Posted 3:44pm on Thursday, Oct. 13, 2011


R (strong language, drug use, sexual content); 86 min.

How do you reinvent a story that has been told a million times before? In the case of Andrew Haigh’s terrific British film Weekend, you invest it with intelligence, heart and precise attention to detail. – and suddenly a shopworn tale takes on an urgency and freshness that sets it apart from anything else in theaters right now.

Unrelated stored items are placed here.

(* Let $C$ be a finite set of candidates, $>$ a tie-breaking order on $C$, and $V$ a preference profile. Every GS-game for $V$ under 3-Approval that satisfies the Minimality Assumption has a Nash equilibrium in pure strategies.
   Context: Each voter $i$ has a strict linear order $v_i$ over $C$; $x\succ_i y$ means $i$ ranks $x$ above $y$; $\mathrm{top}_k(v)$ is the set of the $k$ highest-ranked candidates of $v$. $k$-Approval: each candidate gets one point from each voter ranking her among his top $k$; the highest score wins, ties broken in favour of the candidate highest in the fixed strict linear order $>$. Write $\mathcal{R}$ for the rule and $(V_{-i},v_i')$ for $V$ with $v_i$ replaced by $v_i'$. A GS-manipulation of voter $i$ at $V$ is a vote $v_i'$ such that $i$ strictly prefers $\mathcal{R}(V_{-i},v_i')$ to $\mathcal{R}(V)$ and for every vote $v_i''$ either $\mathcal{R}(V_{-i},v_i'')=\mathcal{R}(V_{-i},v_i')$ or $i$ strictly prefers $\mathcal{R}(V_{-i},v_i')$ to $\mathcal{R}(V_{-i},v_i'')$; it is in favour of $x=\mathcal{R}(V_{-i},v_i')$; $i$ is a GS-manipulator if he has one. GS-game for $V$: players are all GS-manipulators at $V$; player $i$'s action set $A_i$ consists of $v_i$ and a (possibly empty) subset of his GS-manipulations; non-players vote sincerely; players compare action profiles via their preferences over the resulting winners. Pure Nash equilibrium: no player can obtain a strictly preferred winner by switching to another action of his own action set. Let $w=\mathcal{R}(V)$. A GS-manipulation $v_i'$ in favour of $x$ is of Type 1 if $w,x\notin\mathrm{top}_k(v_i)$, and of Type 2 if $w,x\in\mathrm{top}_k(v_i)$. A Type 1 GS-manipulation in favour of $x$ is minimal if $\mathrm{top}_k(v_i')$ is obtained from $\mathrm{top}_k(v_i)$ by removing the candidate in $k$-th position of $v_i$ and adding $x$ (which is placed in $k$-th position). A Type 2 GS-manipulation $v_i'$ is minimal if the number $\ell=|\mathrm{top}_k(v_i)\setminus\mathrm{top}_k(v_i')|$ of candidates moved out of the top $k$ is the smallest possible among GS-manipulations of $i$, and $\mathrm{top}_k(v_i')\setminus\mathrm{top}_k(v_i)$ consists of the $\ell$ candidates ranked highest by $v_i$ among those not in $\mathrm{top}_k(v_i)$. Minimality Assumption: for every player $j$, all GS-manipulations in $A_j$ are minimal. *)

theory Defs
  imports Main
begin

text \<open>A vote (strict linear
order over C) is represented as a list without repetitions whose set is C,
the first entry being the most preferred candidate.\<close>

definition is_vote :: "'c set \<Rightarrow> 'c list \<Rightarrow> bool" where
  "is_vote C v \<longleftrightarrow> distinct v \<and> set v = C"

definition prefers :: "'c list \<Rightarrow> 'c \<Rightarrow> 'c \<Rightarrow> bool" where
  "prefers v x y \<longleftrightarrow> (\<exists>i j. i < j \<and> j < length v \<and> v ! i = x \<and> v ! j = y)"

definition top :: "nat \<Rightarrow> 'c list \<Rightarrow> 'c set" where
  "top k v = set (take k v)"

definition score :: "nat \<Rightarrow> 'v set \<Rightarrow> ('v \<Rightarrow> 'c list) \<Rightarrow> 'c \<Rightarrow> nat" where
  "score k N V x = card {i \<in> N. x \<in> top k (V i)}"

text \<open>k-Approval winner; the tie-breaking order is the list tb (earlier = higher),
and set tb = C.\<close>
definition kapp :: "nat \<Rightarrow> 'c list \<Rightarrow> 'v set \<Rightarrow> ('v \<Rightarrow> 'c list) \<Rightarrow> 'c" where
  "kapp k tb N V =
     hd (filter (\<lambda>x. score k N V x = Max (score k N V ` set tb)) tb)"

Russell (Tom Cullen) is a gay guy with mostly straight friends who meets a handsome, confident fellow named Glen (Chris New?) at a bar. late one Friday night. Both of them expect it to be just a one-night hookup, but over coffee the next on Saturday morning, they get to talking. Glen is an artist whose work reckons with questions of sex and intimacy, and he interviews Russell for his latest project. Earnest and romantic, Russell – who works as a lifeguard but who clearly hasn’t found his place in the world – can’t help but wonder if a relationship might blossom.

Written and directed by Haigh (his previous feature, 2009’s Greek Pete, is available on DVD), and shot on sometimes grungy-looking digital video, Weekend has a ragged, almost tossed-off vibe. But the casualness of the images belies the scope and bravery of the writing and acting. Scene after scene, Haigh and his superb leads illuminate the most subtle of emotional states: the shy uneasiness of Russell, who is out of the closet but doesn’t seem entirely comfortable with his sexuality; the mixed signals sent off by Glen, who seems constitutionally opposed to the idea of being someone’s boyfriend; and the struggle many modern gay men now face, between wanting to assimilate into a larger society and wanting to hang onto an “outsider” identity. Without tipping over into explicitness, the film also manages to be refreshingly frank about sex, and the ways physical intimacy gets conflated with emotional intimacy, especially in this era of “friends with benefits” and “no strings attached.”

In a recent interview with the Los Angeles Times, Haigh emphasized that he doesn’t want the film to be ghettoized. He said, “I wanted to be part of that mountain of just films, and not just be compared to gay films." That’s a valid point; the marvel of Weekend is that it’s completely attuned to details of modern gay life, yet entirely universal – the conflicts and feelings would be the same regardless of the gender of the characters.

But I also wonder if the filmmaker hasn’t sold his achievement short. Weekend – which first showed at this year’s South by Southwest in Austin and is one of the strongest films that festival has ever premiered -- follows in the landmark footsteps of such gay-themed classics as Poison, My Own Private Idaho and Brokeback Mountain, and then does something none of those films did: It treats the will-they-or-won’t-they-live-happily-ever-after? romance between two men as something utterly, gloriously matter-of-fact.